* **Requirement**:
Report only how many lines of the entries below contain the string "longleftrightarrow".

Saved entries
*** Begin section ***

lemma Pr_comps_tr:
  assumes "finite_process T z"
  shows "Pr (comps_tr T z \<alpha>) = Pr {d \<in> comps_max T z. prefix \<alpha> (comp_trace d)}"
proof -
  have fin_tr: "finite (comps_tr T z \<alpha>)"
    using finite_comps[OF assms] by (rule rev_finite_subset) (auto simp: comps_tr_def)
  have fin_max: "finite (comps_max T z)"
    using assms by (rule finite_comps_max)
  have disjoint: "{d \<in> comps_max T z. prefix c d} \<inter> {d \<in> comps_max T z. prefix c' d} = {}"
    if "c \<in> comps_tr T z \<alpha>" "c' \<in> comps_tr T z \<alpha>" "c \<noteq> c'" for c c'
  proof -
    have "length c = length c'"
      using that by (auto simp: comps_tr_def comp_trace_def dest: arg_cong[where f = length])
    then have "c = c'" if "prefix c d" "prefix c' d" for d
      using that prefix_length_prefix prefix_order.antisym by (metis order_refl)
    with that(3) show ?thesis
      by blast
  qed
  have "Pr {d \<in> comps_max T z. prefix \<alpha> (comp_trace d)} =
        Pr (\<Union>c\<in>comps_tr T z \<alpha>. {d \<in> comps_max T z. prefix c d})"
    by (simp only: comps_max_prefix_trace_eq_UN)
  also have "\<dots> = (\<Sum>c\<in>comps_tr T z \<alpha>. Pr {d \<in> comps_max T z. prefix c d})"
    unfolding Pr_def using fin_tr fin_max disjoint by (intro sum.UNION_disjoint) auto
  also have "\<dots> = Pr (comps_tr T z \<alpha>)"
    unfolding Pr_def[of "comps_tr T z \<alpha>"] using assms
    by (intro sum.cong) (auto simp: Pr_comps_max_extending comps_tr_def)
  finally show ?thesis ..
qed

lemma Pr_comps_tr_sum_comps_max_tr:
  assumes "finite_process T z" and "finite S" and "comp_trace ` comps_max T z \<subseteq> S"
  shows "Pr (comps_tr T z \<alpha>) = (\<Sum>\<beta> | \<beta> \<in> S \<and> prefix \<alpha> \<beta>. Pr (comps_max_tr T z \<beta>))"
proof -
  have "Pr (comps_tr T z \<alpha>) = Pr {d \<in> comps_max T z. prefix \<alpha> (comp_trace d)}"
    using assms(1) by (rule Pr_comps_tr)
  also have "\<dots> = (\<Sum>\<beta> | \<beta> \<in> S \<and> prefix \<alpha> \<beta>.
                     Pr {d \<in> {d \<in> comps_max T z. prefix \<alpha> (comp_trace d)}. comp_trace d = \<beta>})"
    unfolding Pr_def using assms finite_comps_max[OF assms(1)]
    by (intro sum.group[symmetric]) auto
  also have "\<dots> = (\<Sum>\<beta> | \<beta> \<in> S \<and> prefix \<alpha> \<beta>. Pr (comps_max_tr T z \<beta>))"
    by (intro sum.cong refl arg_cong[where f = Pr]) (auto simp: comps_max_tr_def)
  finally show ?thesis .
qed

end

lemma prefix_sums_eqD:
  fixes f g :: "'a list \<Rightarrow> 'b::cancel_comm_monoid_add"
  assumes "finite S" and outside: "\<And>\<beta>. \<beta> \<notin> S \<Longrightarrow> f \<beta> = g \<beta>"
    and sums: "\<And>\<alpha>. (\<Sum>\<beta> | \<beta> \<in> S \<and> prefix \<alpha> \<beta>. f \<beta>) = (\<Sum>\<beta> | \<beta> \<in> S \<and> prefix \<alpha> \<beta>. g \<beta>)"
  shows "f \<alpha> = g \<alpha>"
proof -
  define M where "M = Suc (Max (length ` S))"
  have length_less_M: "length \<beta> < M" if "\<beta> \<in> S" for \<beta>
    using assms(1) that by (simp add: M_def le_imp_less_Suc)
  show ?thesis
  proof (induction \<alpha> rule: measure_induct_rule[where f = "\<lambda>\<alpha>. M - length \<alpha>"])
    case (less \<alpha>)
    show ?case
    proof (cases "\<alpha> \<in> S")
      case True
      let ?above = "{\<beta>. \<beta> \<in> S \<and> strict_prefix \<alpha> \<beta>}"
      have split: "{\<beta>. \<beta> \<in> S \<and> prefix \<alpha> \<beta>} = insert \<alpha> ?above" "\<alpha> \<notin> ?above"
        using True by auto
      have "f \<beta> = g \<beta>" if "\<beta> \<in> ?above" for \<beta>
        using that length_less_M prefix_length_less by (intro less.IH) fastforce
      then have "sum f ?above = sum g ?above"
        by (rule sum.cong[OF refl])
      moreover have "f \<alpha> + sum f ?above = g \<alpha> + sum g ?above"
        using sums[of \<alpha>] assms(1) split by simp
      ultimately show ?thesis
        by simp
    qed (rule outside)
  qed
qed

lemma tracing_eq_iff [simp]: "tracing \<alpha> = tracing \<beta> \<longleftrightarrow> \<alpha> = \<beta>"
proof (induction \<alpha> arbitrary: \<beta>)
  case Nil
  then show ?case by (cases \<beta>) auto
next
  case (Cons a \<alpha>)
  then show ?case by (cases \<beta>) auto
qed

lemma surj_tracing: "surj tracing"
proof -
  have "\<Phi> \<in> range tracing" for \<Phi> :: "'a trace_formula"
  proof (induction \<Phi>)
    case TTop
    show ?case by (metis rangeI tracing.simps(1))
  next
    case (Diam a \<Phi>)
    then show ?case by (metis rangeE rangeI tracing.simps(2))
  qed
  then show ?thesis by blast
qed

lemma comps_max_tr_eq_empty:
  "comps_max_tr T z \<alpha> = {} \<longleftrightarrow> \<alpha> \<notin> comp_trace ` comps_max T z"
  by (auto simp: comps_max_tr_def)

*** End section ***

* **Your response**:
2